- What is needed -
Copy the entries exactly, through the "set of vertices." line.

Items listed in a dataset
^^^^^^^^
(* Let $G$ be a loopless multigraph, $k\ge1$, $M$ a maximal $k$-edge-colorable subgraph of $G$, $\psi$ a proper $k$-edge-coloring of $M$, and $y\in V(G)$ with $d_M(y)<k$. Then for all distinct $w,z \in N_M(y) \cup \{y\}$, we have $C(w) \cap C(z) = \emptyset$.
   Context: $\mu_G(v,w)$ (resp. $\mu_M(v,w)$) is the number of edges of $G$ (resp. $M$) joining $v,w$; $d_M(v)$ is the number of $M$-edges at $v$; $N_M(y)$ is the set of neighbors of $y$ in $M$. $F_k(y)=\{w\in N_G(y): d_M(w)\le k-\mu_G(y,w)\}$ and $U_k(y)=\{w\in F_k(y): \mu_M(y,w)<\mu_G(y,w)\}$. For distinct vertices $w,z$, $\psi(w,z)$ is the set of colors used by $\psi$ on edges of $M$ joining $w$ and $z$; $\psi(w)$ is the set of colors on $M$-edges incident to $w$; $O(w)=\{1,\dots,k\}\setminus\psi(w)$. For each $u\in U_k(y)$, $H_u$ is the multidigraph on vertex set $N_M(y)\cup\{u\}$ in which the number of arcs from $w$ to $z$ is $|O(w)\cap\psi(y,z)|$. A vertex $z\in N_M(y)$ is remote if for every $u\in U_k(y)$, $z$ is not reachable from $u$ by a directed path in $H_u$. For $w\in U_k(y)\cup N_M(y)\cup\{y\}$: $C(w)=\psi(y,w)$ if $w$ is remote, and $C(w)=O(w)$ otherwise (so $C(y)=O(y)$). *)

theory Defs
  imports Main
begin

text \<open>A loopless multigraph: vertex set V, edge set E (edges are distinct objects, so
parallel edges are allowed), and an endpoint map ends assigning each edge a 2-element
set of vertices.  A subgraph M is given by a subset of the edges (spanning).\<close>

definition loopless_multigraph :: "'v set \<Rightarrow> 'e set \<Rightarrow> ('e \<Rightarrow> 'v set) \<Rightarrow> bool" where
  "loopless_multigraph V E ends \<longleftrightarrow> finite V \<and> finite E \<and>
     (\<forall>e\<in>E. ends e \<subseteq> V \<and> card (ends e) = 2)"

definition mult :: "'e set \<Rightarrow> ('e \<Rightarrow> 'v set) \<Rightarrow> 'v \<Rightarrow> 'v \<Rightarrow> nat" where
  "mult A ends v w = card {e\<in>A. ends e = {v, w}}"

definition deg :: "'e set \<Rightarrow> ('e \<Rightarrow> 'v set) \<Rightarrow> 'v \<Rightarrow> nat" where
  "deg A ends v = card {e\<in>A. v \<in> ends e}"

definition nbrs :: "'e set \<Rightarrow> ('e \<Rightarrow> 'v set) \<Rightarrow> 'v \<Rightarrow> 'v set" where
  "nbrs A ends y = {w. \<exists>e\<in>A. ends e = {y, w}}"
lemma polar_gap_of_cos_mult_gt:
  fixes r \<phi> n :: real
  assumes "0 < r" "r \<le> cos \<phi>" "0 \<le> \<phi>" "\<phi> < pi/2" "1 \<le> n" "cos \<phi> < cos (n * \<phi>)"
  shows "r\<^sup>2 - 2 * r * cos \<phi> < (r powr n)\<^sup>2 - 2 * r powr n * cos (n * \<phi>)"
proof -
  define c where "c = cos \<phi>"
  define k where "k = n - 1"
  define d where "d = c powr k"
  define s where "s = r powr n"
  have "0 < \<phi>" using assms by (cases "\<phi> = 0") auto
  have "0 < c" "c < 1" unfolding c_def using assms \<open>0 < \<phi>\<close> cos_monotone_0_pi[of 0 \<phi>] by auto
  have "2 * pi < (n + 1) * \<phi>" using two_pi_lt_of_cos_mult_gt assms by simp
  then have wraps: "2 * pi - 2 * \<phi> < k * \<phi>" unfolding k_def by (simp add: algebra_simps)
  then have "0 < k * \<phi>" using assms by linarith
  then have "0 < k" using \<open>0 < \<phi>\<close> by (simp add: zero_less_mult_iff)
  have gap: "2 * d * (1 - c) < c * (1 - d)\<^sup>2"
    using cos_powr_gap[OF \<open>0 < \<phi>\<close> \<open>\<phi> < pi/2\<close> wraps] unfolding c_def d_def by simp
  have "0 < d" "d < 1" unfolding d_def using \<open>0 < c\<close> \<open>c < 1\<close> \<open>0 < k\<close> powr_less_mono2[of k c 1] by auto
  have "s = r * r powr k" unfolding s_def k_def using \<open>0 < r\<close> powr_add[of r 1 "n - 1"] by simp
  moreover have "r powr k \<le> d" unfolding d_def c_def using assms \<open>0 < k\<close> by (intro powr_mono2) auto
  ultimately have "s \<le> r * d" using \<open>0 < r\<close> by simp
  also have "\<dots> \<le> r" using \<open>0 < r\<close> \<open>d < 1\<close> by simp
  finally have "s \<le> r" .
  have "r * (1 - d) * (c * (1 - d)) \<le> (r - s) * (2 * c - r - s)"
  proof (rule mult_mono)
    show "r * (1 - d) \<le> r - s" using \<open>s \<le> r * d\<close> by (simp add: algebra_simps)
    have "r * d \<le> c * d" using assms \<open>0 < d\<close> unfolding c_def by simp
    then show "c * (1 - d) \<le> 2 * c - r - s" using \<open>s \<le> r * d\<close> assms unfolding c_def by (simp add: algebra_simps)
  qed (use \<open>0 < r\<close> \<open>0 < c\<close> \<open>d < 1\<close> \<open>s \<le> r\<close> in auto)
  moreover have "2 * (r * d) * (c - 1) \<le> 2 * s * (c - cos (n * \<phi>))"
  proof -
    have "2 * (r * d) * (c - 1) \<le> 2 * s * (c - 1)"
      using \<open>s \<le> r * d\<close> \<open>c < 1\<close> by (simp add: mult_right_mono_neg)
    also have "\<dots> \<le> 2 * s * (c - cos (n * \<phi>))" unfolding s_def by (simp add: mult_left_mono)
    finally show ?thesis .
  qed
  moreover have "0 < r * (c * (1 - d)\<^sup>2 - 2 * d * (1 - c))" using gap \<open>0 < r\<close> by simp
  ultimately have "0 < (r - s) * (2 * c - r - s) + 2 * s * (c - cos (n * \<phi>))"
    by (simp add: power2_eq_square algebra_simps)
  then show ?thesis using polar_gap_decomposition[of s "cos (n * \<phi>)" r c] unfolding s_def c_def by simp
qed
(* Let $n,m\ge0$ be integers, $d_1,\ldots,d_m,s$ positive integers, $g_\bullet=|n;d_1,\ldots,d_m|$ and $h_\bullet=|n;d_1,\ldots,d_m,s|$. Suppose $g_\bullet$ is unimodal at each tail. If there is a positive integer $i$ with $h_i\le h_{i-1}$, then $h_d\le h_{d-1}$ for all $d\ge i$; in this case, if $n\ge1$, then $h^{(1)}_\bullet=|n-1;d_1,\ldots,d_m,s|$.
   Context: For $P=\sum p_iz^i\in\mathbb{Z}[[z]]$ let $t=\min\{d:p_d\le0\}$ and $|P|=\sum q_iz^i$ with $q_i=p_i$ for $i<t$, $q_i=0$ for $i\ge t$. The Fröberg sequence $|n;d_1,\ldots,d_m|$ is the sequence $(h_0,h_1,\ldots)$ with $\sum h_iz^i=\left|\prod_{j=1}^m(1-z^{d_j})/(1-z)^n\right|$. For a sequence $h_\bullet$ of nonnegative integers with $h_0=1$: $h^{(0)}_\bullet=h_\bullet$; $h^{(i)}_0=1$ and $h^{(i)}_d=\max\{0,h^{(i-1)}_d-h^{(i-1)}_{d-1}\}$ for $d\ge1$ (in particular $h^{(1)}$ is given by this formula with $i=1$; in the definition of unimodality below it is used for $1\le i<h_1$). For $0\le i<\max\{1,h_1\}$, $r_i=\min\{d\ge1:h^{(i)}_d\le h^{(i)}_{d-1}\}$ ($\infty$ if none), $D(h_\bullet)=\min\{i:r_i<\infty\}$. The sequence is unimodal at each tail if for every $i$ with $D(h_\bullet)\le i<\max\{1,h_1\}$, $h^{(i)}_d\le h^{(i)}_{d-1}$ for all $d\ge r_i$. *)

theory Defs
  imports "HOL-Computational_Algebra.Formal_Power_Series" "HOL-Library.Extended_Nat"
begin

text \<open>The power series prod_j (1 - z^(d_j)) / (1 - z)^n, computed in Q[[z]]
  (its coefficients are integers, since (1-z)^n is a unit of Z[[z]]).\<close>
definition froberg_series :: "nat \<Rightarrow> nat list \<Rightarrow> rat fps" where
  "froberg_series n ds = (\<Prod>d\<leftarrow>ds. 1 - fps_X ^ d) * inverse ((1 - fps_X) ^ n)"

text \<open>Truncation |P|: q_i = p_i for i < t, 0 otherwise, where t = min{d. p_d \<le> 0}
  (t = infinity if no such d).  Note i < t iff p_j > 0 for all j \<le> i.\<close>
definition trunc_seq :: "(nat \<Rightarrow> 'a::linordered_idom) \<Rightarrow> nat \<Rightarrow> 'a" where
  "trunc_seq p i = (if \<forall>j\<le>i. p j > 0 then p i else 0)"

definition froberg :: "nat \<Rightarrow> nat list \<Rightarrow> nat \<Rightarrow> rat" where
  "froberg n ds = trunc_seq (\<lambda>i. fps_nth (froberg_series n ds) i)"

fun hder :: "(nat \<Rightarrow> 'a::linordered_idom) \<Rightarrow> nat \<Rightarrow> nat \<Rightarrow> 'a" where
  "hder h 0 = h"
| "hder h (Suc i) = (\<lambda>d. if d = 0 then 1 else max 0 (hder h i d - hder h i (d - 1)))"

definition rseq :: "(nat \<Rightarrow> 'a::linordered_idom) \<Rightarrow> nat \<Rightarrow> enat" where
  "rseq h i = (if \<exists>d\<ge>1. hder h i d \<le> hder h i (d - 1)
               then enat (LEAST d. d \<ge> 1 \<and> hder h i d \<le> hder h i (d - 1)) else \<infinity>)"

definition Dseq :: "(nat \<Rightarrow> 'a::linordered_idom) \<Rightarrow> enat" where
  "Dseq h = (if \<exists>i. of_nat i < max 1 (h 1) \<and> rseq h i < \<infinity>
             then enat (LEAST i. of_nat i < max 1 (h 1) \<and> rseq h i < \<infinity>) else \<infinity>)"

definition unimodal_each_tail :: "(nat \<Rightarrow> 'a::linordered_idom) \<Rightarrow> bool" where
  "unimodal_each_tail h \<longleftrightarrow>
     (\<forall>i. Dseq h \<le> enat i \<and> of_nat i < max 1 (h 1) \<longrightarrow>
          (\<forall>d. rseq h i \<le> enat d \<longrightarrow> hder h i d \<le> hder h i (d - 1)))"

end

theory Submission
  imports Defs
begin

text \<open>Let G be the series of g = |n; d_1, ..., d_m| and F = (1 - z) G, so that the first
  difference of (1 - z^s) G is F_d - F_(d-s).  As long as h is not truncated, g = G there, and
  a drop h_d <= h_(d-1) means F_d <= F_(d-s).  If F_d <= 0, then F_(d-s) <= 0 would make g
  nonincreasing from d - s on (unimodality of g), forcing h_d = g_d - g_(d-s) <= 0.  If F_d > 0,
  then F > 0 on [1, d] for the same reason, so F agrees there with g^(1), which is nonincreasing
  after its first drop; for such a sequence F_i <= F_(i-s) propagates to every d >= i.  The
  second claim follows from the first: h^(1) is the first difference of h, which is truncated
  exactly where it stops being positive.\<close>

unbundle fps_syntax

definition shift_diff :: "nat \<Rightarrow> (nat \<Rightarrow> 'a::ab_group_add) \<Rightarrow> nat \<Rightarrow> 'a" where
  "shift_diff s g k = g k - (if s \<le> k then g (k - s) else 0)"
^^^^^^^^
- Your solution -
(* Let $G$ be a loopless multigraph, $k\ge1$, $M$ a maximal $k$-edge-colorable subgraph of $G$, $\psi$ a proper $k$-edge-coloring of $M$, and $y\in V(G)$ with $d_M(y)<k$. Then for all distinct $w,z \in N_M(y) \cup \{y\}$, we have $C(w) \cap C(z) = \emptyset$.
   Context: $\mu_G(v,w)$ (resp. $\mu_M(v,w)$) is the number of edges of $G$ (resp. $M$) joining $v,w$; $d_M(v)$ is the number of $M$-edges at $v$; $N_M(y)$ is the set of neighbors of $y$ in $M$. $F_k(y)=\{w\in N_G(y): d_M(w)\le k-\mu_G(y,w)\}$ and $U_k(y)=\{w\in F_k(y): \mu_M(y,w)<\mu_G(y,w)\}$. For distinct vertices $w,z$, $\psi(w,z)$ is the set of colors used by $\psi$ on edges of $M$ joining $w$ and $z$; $\psi(w)$ is the set of colors on $M$-edges incident to $w$; $O(w)=\{1,\dots,k\}\setminus\psi(w)$. For each $u\in U_k(y)$, $H_u$ is the multidigraph on vertex set $N_M(y)\cup\{u\}$ in which the number of arcs from $w$ to $z$ is $|O(w)\cap\psi(y,z)|$. A vertex $z\in N_M(y)$ is remote if for every $u\in U_k(y)$, $z$ is not reachable from $u$ by a directed path in $H_u$. For $w\in U_k(y)\cup N_M(y)\cup\{y\}$: $C(w)=\psi(y,w)$ if $w$ is remote, and $C(w)=O(w)$ otherwise (so $C(y)=O(y)$). *)

theory Defs
  imports Main
begin

text \<open>A loopless multigraph: vertex set V, edge set E (edges are distinct objects, so
parallel edges are allowed), and an endpoint map ends assigning each edge a 2-element
set of vertices.  A subgraph M is given by a subset of the edges (spanning).\<close>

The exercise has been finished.